### What to do
From the records below, print exactly the lines starting at the one containing "using ext_pull_ext_pull[OF Sigma_mor_Hom[OF" and ending at the one containing "using assms(1,3) by unfold_locales", ends included, and nothing else.

Stored entries:
lemma Sig_ob: "Z \<in> ob K \<Longrightarrow> Sig Z \<in> ob K"
  using suspension by blast

lemma dl_ext: "Z \<in> ob K \<Longrightarrow> dl Z \<in> ext K (Sig Z) Z"
  using suspension by blast

lemma ext_pull_dl_iso:
  assumes "B \<in> ob K" "Z \<in> ob K"
  shows "(\<lambda>u. ext_pull K Z u (dl Z)) \<in> iso (homgrp K B (Sig Z)) (extgrp K B Z)"
proof -
  obtain Z0 where "zero_obj K Z0" "rlz K (Sig Z) Z (dl Z) (mzero K Z Z0) (mzero K Z0 (Sig Z))"
    using suspension assms(2) by blast
  then show ?thesis using ext_pull_iso assms(1) by (simp add: zero_obj_def)
qed

lemma Sigma_mor:
  assumes f: "f \<in> Hom K X Y"
  shows Sigma_mor_Hom: "Sigma_mor K Sig dl f \<in> Hom K (Sig X) (Sig Y)"
    and ext_push_dl: "ext_push K (Sig X) f (dl X) = ext_pull K Y (Sigma_mor K Sig dl f) (dl Y)"
proof -
  have X: "X \<in> ob K" and Y: "Y \<in> ob K" using Hom_ob[OF f] by auto
  have "bij_betw (\<lambda>u. ext_pull K Y u (dl Y)) (Hom K (Sig X) (Sig Y)) (ext K (Sig X) Y)"
    using ext_pull_dl_iso[OF Sig_ob[OF X] Y] by (simp add: iso_def homgrp_def extgrp_def)
  moreover have "ext_push K (Sig X) f (dl X) \<in> ext K (Sig X) Y"
    using ext_push_hom[OF Sig_ob[OF X] f] dl_ext[OF X] by (auto simp: hom_def extgrp_def)
  ultimately have "\<exists>!g. g \<in> Hom K (Sig X) (Sig Y) \<and>
      ext_push K (Sig X) f (dl X) = ext_pull K Y g (dl Y)"
    by (auto simp: bij_betw_def inj_on_def)
  moreover have "src K f = X" "tgt K f = Y" using f by (simp_all add: Hom_def)
  ultimately have "Sigma_mor K Sig dl f \<in> Hom K (Sig X) (Sig Y) \<and>
      ext_push K (Sig X) f (dl X) = ext_pull K Y (Sigma_mor K Sig dl f) (dl Y)"
    unfolding Sigma_mor_def by (simp only:) (rule theI')
  then show "Sigma_mor K Sig dl f \<in> Hom K (Sig X) (Sig Y)"
    and "ext_push K (Sig X) f (dl X) = ext_pull K Y (Sigma_mor K Sig dl f) (dl Y)"
    by auto
qed

lemma ext_push_ext_pull_dl:
  assumes f: "f \<in> Hom K X Y" and u: "u \<in> Hom K B (Sig X)"
  shows "ext_push K B f (ext_pull K X u (dl X)) = ext_pull K Y (cmp K (Sigma_mor K Sig dl f) u) (dl Y)"
proof -
  have X: "X \<in> ob K" and Y: "Y \<in> ob K" using Hom_ob[OF f] by auto
  have "ext_push K B f (ext_pull K X u (dl X)) = ext_pull K Y u (ext_push K (Sig X) f (dl X))"
    using ext_push_ext_pull[OF u f dl_ext[OF X]] .
  also have "\<dots> = ext_pull K Y u (ext_pull K Y (Sigma_mor K Sig dl f) (dl Y))"
    using ext_push_dl[OF f] by simp
  also have "\<dots> = ext_pull K Y (cmp K (Sigma_mor K Sig dl f) u) (dl Y)"
    using ext_pull_ext_pull[OF Sigma_mor_Hom[OF f] u Y dl_ext[OF Y]] .
  finally show ?thesis .
qed

end

theorem lemma3p10:
  fixes K :: "('o, 'm, 'e) extri"
    and Sig :: "'o \<Rightarrow> 'o" and dl :: "'o \<Rightarrow> 'e"
    and A X Y :: 'o and f :: 'm
  assumes "extriangulated K"
    and "\<forall>C\<in>ob K. \<forall>Z. zero_obj K Z \<longrightarrow>
           is_inflation K (mzero K C Z) \<and> is_deflation K (mzero K Z C)"
    and "\<forall>Z\<in>ob K. Sig Z \<in> ob K \<and> dl Z \<in> ext K (Sig Z) Z \<and>
           (\<exists>Z0. zero_obj K Z0 \<and> rlz K (Sig Z) Z (dl Z) (mzero K Z Z0) (mzero K Z0 (Sig Z)))"
    and "A \<in> ob K"
    and "f \<in> Hom K X Y"
  shows "morab_iso (homgrp K A (Sig X)) (homgrp K A (Sig Y)) (\<lambda>e. cmp K (Sigma_mor K Sig dl f) e)
                   (extgrp K A X) (extgrp K A Y) (\<lambda>d. ext_push K A f d)
       \<and> morab_iso (homgrp K Y (Sig A)) (homgrp K X (Sig A)) (\<lambda>e. cmp K e f)
                   (extgrp K Y A) (extgrp K X A) (\<lambda>d. ext_pull K A f d)"
proof -
  \<comment> \<open>The second hypothesis is unused: it is what makes \<Sigma> exist, and \<Sigma> is supplied by the third.\<close>
  interpret extriangulated_category_with_suspension K Sig dl
    using assms(1,3) by unfold_locales
  note A = assms(4) and f = assms(5)
  have X: "X \<in> ob K" and Y: "Y \<in> ob K" using Hom_ob[OF f] by auto
  have "morab_iso (homgrp K A (Sig X)) (homgrp K A (Sig Y)) (cmp K (Sigma_mor K Sig dl f))
      (extgrp K A X) (extgrp K A Y) (ext_push K A f)"
    by (rule morab_isoI[OF cmp_left_hom[OF Sigma_mor_Hom[OF f]] ext_push_hom[OF A f]
          ext_pull_dl_iso[OF A X] ext_pull_dl_iso[OF A Y]])
      (simp add: homgrp_def ext_push_ext_pull_dl[OF f])
  moreover have "morab_iso (homgrp K Y (Sig A)) (homgrp K X (Sig A)) (\<lambda>e. cmp K e f)
      (extgrp K Y A) (extgrp K X A) (ext_pull K A f)"
    by (rule morab_isoI[OF cmp_right_hom[OF f] ext_pull_hom[OF A f]
          ext_pull_dl_iso[OF Y A] ext_pull_dl_iso[OF X A]])
      (simp add: homgrp_def ext_pull_ext_pull[OF _ f A dl_ext[OF A]])
  ultimately show ?thesis by simp
qed

end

### Response to the task
    using ext_pull_ext_pull[OF Sigma_mor_Hom[OF f] u Y dl_ext[OF Y]] .
  finally show ?thesis .
qed

end

theorem lemma3p10:
  fixes K :: "('o, 'm, 'e) extri"
    and Sig :: "'o \<Rightarrow> 'o" and dl :: "'o \<Rightarrow> 'e"
    and A X Y :: 'o and f :: 'm
  assumes "extriangulated K"
    and "\<forall>C\<in>ob K. \<forall>Z. zero_obj K Z \<longrightarrow>
           is_inflation K (mzero K C Z) \<and> is_deflation K (mzero K Z C)"
    and "\<forall>Z\<in>ob K. Sig Z \<in> ob K \<and> dl Z \<in> ext K (Sig Z) Z \<and>
           (\<exists>Z0. zero_obj K Z0 \<and> rlz K (Sig Z) Z (dl Z) (mzero K Z Z0) (mzero K Z0 (Sig Z)))"
    and "A \<in> ob K"
    and "f \<in> Hom K X Y"
  shows "morab_iso (homgrp K A (Sig X)) (homgrp K A (Sig Y)) (\<lambda>e. cmp K (Sigma_mor K Sig dl f) e)
                   (extgrp K A X) (extgrp K A Y) (\<lambda>d. ext_push K A f d)
       \<and> morab_iso (homgrp K Y (Sig A)) (homgrp K X (Sig A)) (\<lambda>e. cmp K e f)
                   (extgrp K Y A) (extgrp K X A) (\<lambda>d. ext_pull K A f d)"
proof -
  \<comment> \<open>The second hypothesis is unused: it is what makes \<Sigma> exist, and \<Sigma> is supplied by the third.\<close>
  interpret extriangulated_category_with_suspension K Sig dl
    using assms(1,3) by unfold_locales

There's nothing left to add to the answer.